5. El artista como sacerdote, un concepto romántico donde los haya, el artista debe perseguir la Verdad. ¿Acaso esta novela es representación de la pérdida de valor del arte y de la pérdida de aquello romántico? ¿Acaso se trata de una fragmentaria novela romántica? ¿Tal vez transmita la grandeza de lo que podría ser y no es?
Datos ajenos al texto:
(* Let $0\le i\le n-2$. Let $b_{i+1,1},\dots,b_{i+1,r_{i+1}}\in\mathbb{Z}^r$ be linearly independent vectors whose span $L_{i+1}$ contains $W$. For each $j$, writing $b_{i+1,j}=(e_1,\dots,e_r)^T$, put $b'_j=(e_1,\dots,e_r,\sum_{k=1}^r e_kT_i(f_k))^T\in\mathbb{Z}^r\times\mathbb{R}$, and let $P=(0,\dots,0,v^\ell/B_i)^T$. Let $\Lambda$ be the lattice spanned by $b'_1,\dots,b'_{r_{i+1}},P$ (of rank $m=r_{i+1}+1$), let $b_1,\dots,b_m$ be an LLL-reduced basis of $\Lambda$ (parameter $3/4$) with Gram–Schmidt vectors $b_j^*$, and let $r_i$ be the smallest index such that $\|b_j^*\|>r+2$ for all $j>r_i$. Let $b_{i,j}\in\mathbb{Z}^r$ be the projection of $b_j$ onto the first $r$ coordinates ($1\le j\le r_i$), and $L_i=\mathbb{Z}b_{i,1}+\cdots+\mathbb{Z}b_{i,r_i}$. Then: (1) $W\subseteq L_i\subseteq L_{i+1}$; (2) $\|b_{i,j}\|\le (r+2)2^r$ for all $1\le j\le r_i$; (3) if $b_{i,j}=(e_1,\dots,e_r)^T$ then $|T_i(f_1^{e_1}\cdots f_r^{e_r})|\le (r+2)2^r$.
   Context: Setting: $v$ a prime number, $\mathbb{Z}_v$ the $v$-adic integers; $f\in\mathbb{Z}[X]$ separable of degree $n\ge2$ with leading coefficient $\ell_f$ not divisible by $v$ and $f$ mod $v$ separable; $f=\ell_f f_1\cdots f_r$ with $f_i\in\mathbb{Z}_v[X]$ monic irreducible over $\mathbb{Q}_v$; $f=\ell_f g_1\cdots g_s$ with $g_j\in\mathbb{Q}[X]$ monic irreducible; $g_j=f_1^{w_{j,1}}\cdots f_r^{w_{j,r}}$ with $w_{j,k}\in\{0,1\}$, $w_j=(w_{j,1},\dots,w_{j,r})^T$, $W=\mathbb{Z}w_1+\cdots+\mathbb{Z}w_s\subseteq\mathbb{Z}^r$. For $e\in\mathbb{Z}^r$, $\Phi(f_1^{e_1}\cdots f_r^{e_r}):=\sum_k e_k f f_k'/f_k\in\mathbb{Z}_v[X]$. Fix $\ell>0$. For $c\in\mathbb{Z}_v$, "$c$ mod $v^\ell$" is the unique integer in $(-v^\ell/2,v^\ell/2]$ congruent to $c$ modulo $v^\ell\mathbb{Z}_v$. $M(f)$ is the Mahler measure of $f$ (|leading coefficient| times the product of $|\alpha|^{m_\alpha}$ over complex roots $|\alpha|>1$ with multiplicity $m_\alpha$), and $B_i=\binom{n-1}{i}nM(f)$. For $h=f_1^{e_1}\cdots f_r^{e_r}$, $T'_i(h)\in\mathbb{Z}$ is the coefficient of $X^i$ in $\Phi(h)$ taken mod $v^\ell$, and $T_i(h)=T'_i(h)/B_i$. $\|\cdot\|$ is the Euclidean norm. LLL-reduced with parameter $3/4$: Gram–Schmidt coefficients $\mu_{jk}$ satisfy $|\mu_{jk}|\le1/2$ and $\|b_j^*\|^2\ge(3/4-\mu_{j,j-1}^2)\|b_{j-1}^*\|^2$. *)

theory Defs
  imports "HOL-Computational_Algebra.Fraction_Field"
    "Berlekamp_Zassenhaus.Mahler_Measure" "Berlekamp_Zassenhaus.Poly_Mod"
begin

text \<open>A commutative domain 'z is (a copy of) the ring of v-adic integers iff the canonical
  map from 'z to the inverse limit of the rings Z/v^k Z is an isomorphism:
  (i) Z/v^k embeds into 'z/v^k 'z, (ii) every element of 'z is congruent to an integer
  modulo v^k, (iii) 'z is v-adically separated, (iv) 'z is v-adically complete.\<close>

definition is_vadic_integers :: "int \<Rightarrow> 'z::idom itself \<Rightarrow> bool" where
  "is_vadic_integers v _ \<longleftrightarrow>
     (\<forall>k a. ((of_int (v ^ k) :: 'z) dvd of_int a) \<longleftrightarrow> v ^ k dvd a) \<and>
     (\<forall>(x::'z) k. \<exists>a::int. of_int (v ^ k) dvd (x - of_int a)) \<and>
     (\<forall>(x::'z). (\<forall>k. of_int (v ^ k) dvd x) \<longrightarrow> x = 0) \<and>
     (\<forall>s::nat \<Rightarrow> int. (\<forall>k. v ^ k dvd (s (Suc k) - s k)) \<longrightarrow>
        (\<exists>x::'z. \<forall>k. of_int (v ^ k) dvd (x - of_int (s k))))"
lemma stationary_scale:
  assumes w: "stationary w" and k: "0 \<le> k"
  shows "stationary (\<lambda>u. k * w u)"
proof -
  note [measurable] = conjunct1[OF w[unfolded stationary_def]]
  have w0: "0 \<le> w u" for u using w by (simp add: stationary_def)
  have "(\<integral>\<^sup>+ u. ennreal (k * w u * G v u) \<partial>lborel) = ennreal k * (\<integral>\<^sup>+ u. ennreal (w u * G v u) \<partial>lborel)" for v
    using k w0 nonneg by (subst nn_integral_cmult[symmetric]) (auto simp: ennreal_mult mult.assoc)
  moreover have "(\<integral>\<^sup>+ u. ennreal (k * w u) \<partial>lborel) = ennreal k * (\<integral>\<^sup>+ u. ennreal (w u) \<partial>lborel)"
    using k w0 by (subst nn_integral_cmult[symmetric]) (auto simp: ennreal_mult)
  ultimately show ?thesis
    using w k by (auto simp: stationary_def ennreal_mult ennreal_mult_eq_top_iff)
qed

lemma nn_integral_stationary:
  assumes w: "stationary w" and [measurable]: "X \<in> sets borel"
  shows "(\<integral>\<^sup>+ v. indicator X v * ennreal (w v) \<partial>lborel) =
    (\<integral>\<^sup>+ u. ennreal (w u) * transition X u \<partial>lborel)"
proof -
  note [measurable] = conjunct1[OF w[unfolded stationary_def]]
  have w0: "0 \<le> w u" for u using w by (simp add: stationary_def)
  have "(\<integral>\<^sup>+ v. indicator X v * ennreal (w v) \<partial>lborel)
      = (\<integral>\<^sup>+ v. indicator X v * (\<integral>\<^sup>+ u. ennreal (w u * G v u) \<partial>lborel) \<partial>lborel)"
    using w by (simp add: stationary_def)
  also have "\<dots> = (\<integral>\<^sup>+ v. (\<integral>\<^sup>+ u. indicator X v * ennreal (w u * G v u) \<partial>lborel) \<partial>lborel)"
    by (rule nn_integral_cong, subst nn_integral_cmult) auto
  also have "\<dots> = (\<integral>\<^sup>+ u. (\<integral>\<^sup>+ v. indicator X v * ennreal (w u * G v u) \<partial>lborel) \<partial>lborel)"
    by (rule lborel_pair.Fubini') measurable
  also have "\<dots> = (\<integral>\<^sup>+ u. ennreal (w u) * transition X u \<partial>lborel)"
    unfolding transition_def
    by (rule nn_integral_cong, subst nn_integral_cmult[symmetric])
      (auto intro!: nn_integral_cong simp: ennreal_mult w0 nonneg mult_ac)
  finally show ?thesis .
qed
lemma grid_swap_cases:
  assumes h: "0 < h" and i: "i < n"
  shows "grid_swap h n a = grid_label h i \<or> h / 2 \<le> \<bar>a - grid_point h i\<bar>"
proof (cases "\<lfloor>(a - 1/4) / h\<rfloor> = int i")
  case True
  then show ?thesis using i by (simp add: grid_swap_def)
next
  case False
  define u where "u = (a - 1/4) / h"
  have "a - grid_point h i = h * (u - (real i + 1/2))"
    using h by (simp add: u_def grid_point_def field_simps)
  moreover have "u < real i \<or> real i + 1 \<le> u"
    using False by (auto simp: u_def floor_eq_iff)
  then have "1/2 \<le> \<bar>u - (real i + 1/2)\<bar>"
    by auto
  ultimately show ?thesis
    using h by (simp add: abs_mult)
qed

lemma grid_swap_below:
  assumes "0 < h" "a < 1/4"
  shows "grid_swap h n a = a"
proof -
  have "(a - 1/4) / h < 0"
    using assms by (intro divide_neg_pos) auto
  then show ?thesis
    by (simp add: grid_swap_def Let_def)
qed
6. La fragmentariedad de la realidad como reflejo de la fragmentariedad de la novela. (Hay una obsesión con los espejos, con taparlos.) Debemos construirla mediante la ejecución de la lectura, hasta donde cada uno pueda. Es tan monstruosamente grande (en todos los sentidos) que resulta muy difícil adivinar una estructura superior, ni siquiera imaginarla. ¿La Divina Comedia? ¿Fausto? ¿Nada de todo eso, solo la fragmentariedad y el ruido de un montón de conversaciones revolotenado entre las páginas? ¿Una magnífica fiesta de la palabra, en donde sin duda nos divertimos a lo grande?

7. Los reconocimientos es una novela coral. Un montón de personajes "vagamente agitados por las palabras que salpicaban a su alrededor", posiblemente muchos de ellos trasuntos de Gaddis mismo. Incluido este que encontramos en una de esas divertidísimas fiestas:
"He escrito una historia de la pianola. Una historia completa. He tardado dos años, lo he metido todo. ¿Qué pasa con la gente? ¿Qué es lo que quieren leer, sexo todo el tiempo? ¿Política?"